Суть этого заявления была примерно такая — «теперь мы можем заявить о себе и жить гармонично рядом с вами. Вы больше не должны нас бояться. Нам для нашего существования не надо пить из вас кровь».

Можете себе представить, это был незабываемый вечер, он вызвал немыслимые волнения. Реакция была различной.

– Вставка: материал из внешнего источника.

(* Let $\mathfrak{A}$ be a $\sigma$-algebra represented as $\mathfrak{A}=\mathfrak{A}(M)/\mathcal{I}$, with $\mathfrak{A}(M)$ a $\sigma$-algebra of subsets of a nonempty set $M$ and $\mathcal{I}$ a $\sigma$-ideal in $\mathfrak{A}(M)$. Up to the canonical homeomorphism between $\mathcal{Q}(\mathfrak{A})$ and the Gelfand spectrum of the abelian $C^\ast$-algebra $\mathcal{F}_{\mathfrak{A}(M)}(M,\mathbb{C})/\mathcal{F}(\mathcal{I})$, the Gelfand transformation of $\mathcal{F}_{\mathfrak{A}(M)}(M,\mathbb{C})/\mathcal{F}(\mathcal{I})$ restricted to its selfadjoint part $\mathcal{F}_{\mathfrak{A}(M)}(M,\mathbb{R})/\mathcal{F}_{\mathbb{R}}(\mathcal{I})$ is the map \[ \Gamma:\mathcal{F}_{\mathfrak{A}(M)}(M,\mathbb{R})/\mathcal{F}_{\mathbb{R}}(\mathcal{I})\to C(\mathcal{Q}(\mathfrak{A}),\mathbb{R}),\qquad [\varphi]\mapsto f_{E^{[\varphi]}}. \] Moreover, if $\mathcal{Q}(\mathfrak{A})$ is identified with $\mathcal{Q}^{\mathcal{I}}(\mathfrak{A}(M))$, then $f_{E^{[\varphi]}}=f_{E^\varphi}|_{\mathcal{Q}^{\mathcal{I}}(\mathfrak{A}(M))}$, where $\varphi\mapsto f_{E^\varphi}$ is the Gelfand transformation on $\mathcal{F}_{\mathfrak{A}(M)}(M,\mathbb{R})$ (via $\mathcal{Q}(\mathfrak{A}(M))\cong\Omega(\mathcal{F}_{\mathfrak{A}(M)}(M,\mathbb{C}))$).
   Context: $\mathcal{F}_{\mathfrak{A}(M)}(M,\mathbb{C})$ is the $C^\ast$-algebra of bounded $\mathfrak{A}(M)$-measurable functions $M\to\mathbb{C}$ (sup norm), $\mathcal{F}_{\mathfrak{A}(M)}(M,\mathbb{R})$ its real-valued elements, $\mathcal{F}(\mathcal{I})$ the closed ideal of those functions vanishing outside some $A\in\mathcal{I}$, and $\mathcal{F}_{\mathbb{R}}(\mathcal{I})=\mathcal{F}_{\mathfrak{A}(M)}(M,\mathbb{R})\cap\mathcal{F}(\mathcal{I})$. For a $\sigma$-complete lattice $\mathbb{L}$ (with $0,1$), a spectral family is a map $E:\mathbb{R}\to\mathbb{L}$ with $E_\lambda\le E_\mu$ ($\lambda\le\mu$), $E_\lambda=\bigwedge_{\mu>\lambda}E_\mu$, $\bigwedge_\lambda E_\lambda=0$, $\bigvee_\lambda E_\lambda=1$; quasipoints are maximal dual ideals (maximal nonempty upward closed subsets not containing $0$ and closed under finite meets); the Stone spectrum $\mathcal{Q}(\mathbb{L})$ is the set of quasipoints with the topology generated by $\{\mathfrak{B}\mid a\in\mathfrak{B}\}$, $a\in\mathbb{L}$; for a bounded spectral family $E$, $f_E(\mathfrak{B}):=\inf\{\lambda\mid E_\lambda\in\mathfrak{B}\}$. For $\varphi\in\mathcal{F}_{\mathfrak{A}(M)}(M,\mathbb{R})$, $E^\varphi_\lambda:=\varphi^{-1}(]-\infty,\lambda])$ and $E^{[\varphi]}_\lambda:=[E^\varphi_\lambda]\in\mathfrak{A}$ (class modulo $\mathcal{I}$); $E^{[\varphi]}$ depends only on $[\varphi]$ and is a spectral family in $\mathfrak{A}$. With $\mathcal{I}^\perp=\{M\setminus A\mid A\in\mathcal{I}\}$, $\mathcal{Q}^{\mathcal{I}}(\mathfrak{A}(M)):=\{\mathfrak{B}\in\mathcal{Q}(\mathfrak{A}(M))\mid\mathcal{I}^\perp\subseteq\mathfrak{B}\}$, identified with $\mathcal{Q}(\mathfrak{A})$ via $\mathfrak{B}\mapsto\{[A]\mid A\in\mathfrak{B}\}$ (so that $[A]$ lies in the image iff any representative $A$ lies in $\mathfrak{B}$). It is known that $\mathcal{Q}(\mathfrak{A})$ is canonically homeomorphic to the Gelfand spectrum of $\mathcal{F}_{\mathfrak{A}(M)}(M,\mathbb{C})/\mathcal{F}(\mathcal{I})$. *)

theory Defs
  imports "HOL-Analysis.Analysis"
begin

text \<open>A lattice is given by a carrier L, an order le, a binary meet and a bottom element.\<close>

definition dual_ideal ::
  "'b set \<Rightarrow> ('b \<Rightarrow> 'b \<Rightarrow> bool) \<Rightarrow> ('b \<Rightarrow> 'b \<Rightarrow> 'b) \<Rightarrow> 'b \<Rightarrow> 'b set \<Rightarrow> bool" where
  "dual_ideal L le meet z0 D \<longleftrightarrow>
     D \<subseteq> L \<and> D \<noteq> {} \<and> z0 \<notin> D \<and>
     (\<forall>a\<in>D. \<forall>b\<in>L. le a b \<longrightarrow> b \<in> D) \<and>
     (\<forall>a\<in>D. \<forall>b\<in>D. meet a b \<in> D)"

definition quasipoint ::
  "'b set \<Rightarrow> ('b \<Rightarrow> 'b \<Rightarrow> bool) \<Rightarrow> ('b \<Rightarrow> 'b \<Rightarrow> 'b) \<Rightarrow> 'b \<Rightarrow> 'b set \<Rightarrow> bool" where
  "quasipoint L le meet z0 D \<longleftrightarrow>
     dual_ideal L le meet z0 D \<and>
     (\<forall>D'. dual_ideal L le meet z0 D' \<and> D \<subseteq> D' \<longrightarrow> D' = D)"

definition stone_spectrum ::
  "'b set \<Rightarrow> ('b \<Rightarrow> 'b \<Rightarrow> bool) \<Rightarrow> ('b \<Rightarrow> 'b \<Rightarrow> 'b) \<Rightarrow> 'b \<Rightarrow> 'b set topology" where
  "stone_spectrum L le meet z0 =
     topology_generated_by
       ((\<lambda>a. {B. quasipoint L le meet z0 B \<and> a \<in> B}) ` L)"

definition obs_fun :: "(real \<Rightarrow> 'b) \<Rightarrow> 'b set \<Rightarrow> real" where
  "obs_fun E B = Inf {t. E t \<in> B}"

В самом плохом положении оказались вампиры преимущественно исламских стран. Лучше не рассказывать, что произошло в Сирии с выступавшим там мертвяком, но смерть женщины-вампира в Афганистане, была, вероятно, еще более страшной — и окончательной. (Интересно, чем они думали, выбрав для конкретно этого выступления даму? Вампиры могут быть вполне толковыми ребятами, но иногда они кажутся немного не от мира сего).

В некоторых странах — особенно во Франции, Италии и Германии — отказались уравнять вампиров в правах с гражданами. Во многих — типа Боснии, Аргентины, а также в большинстве африканских стран — вампиры не получили никакого статуса, их объявили дичью для любого охотника с лицензией. Но в Америке, Англии, Мексике, Канаде, Японии, Швейцарии и скандинавских странах отношение было более терпимым.

Трудно сказать, ожидали ли вампиры такой реакции. Поскольку они все еще боролись за местечко в потоке жизни, они продолжали держать в секрете свою организацию, и рассказ Билла был для меня самым большим откровением на эту тему.

— Итак, королева вампиров Луизианы поручила тебе работу над секретным проектом, — я старалась, чтобы мой голос звучал нейтрально. — И поэтому ты последние несколько недель буквально не вылезаешь из-за компьютера.

— Ну да, — ответил Билл. Он схватил бутылку с НастоящейКровью и перевернул ее донышком кверху, но в ней оставалась всего пара капель. Он спустился в холл, где был уголок для кухни (когда Билл перестраивал дом предков, то практически уничтожил кухню за ненадобностью) и извлек из холодильника другую бутыль. Я по звукам догадывалась: вот он открыл бутыль, вот сунул в микроволновку. Вот микроволновка выключилась, и он снова появился, встряхивая бутыль, чтобы напиток равномерно прогрелся.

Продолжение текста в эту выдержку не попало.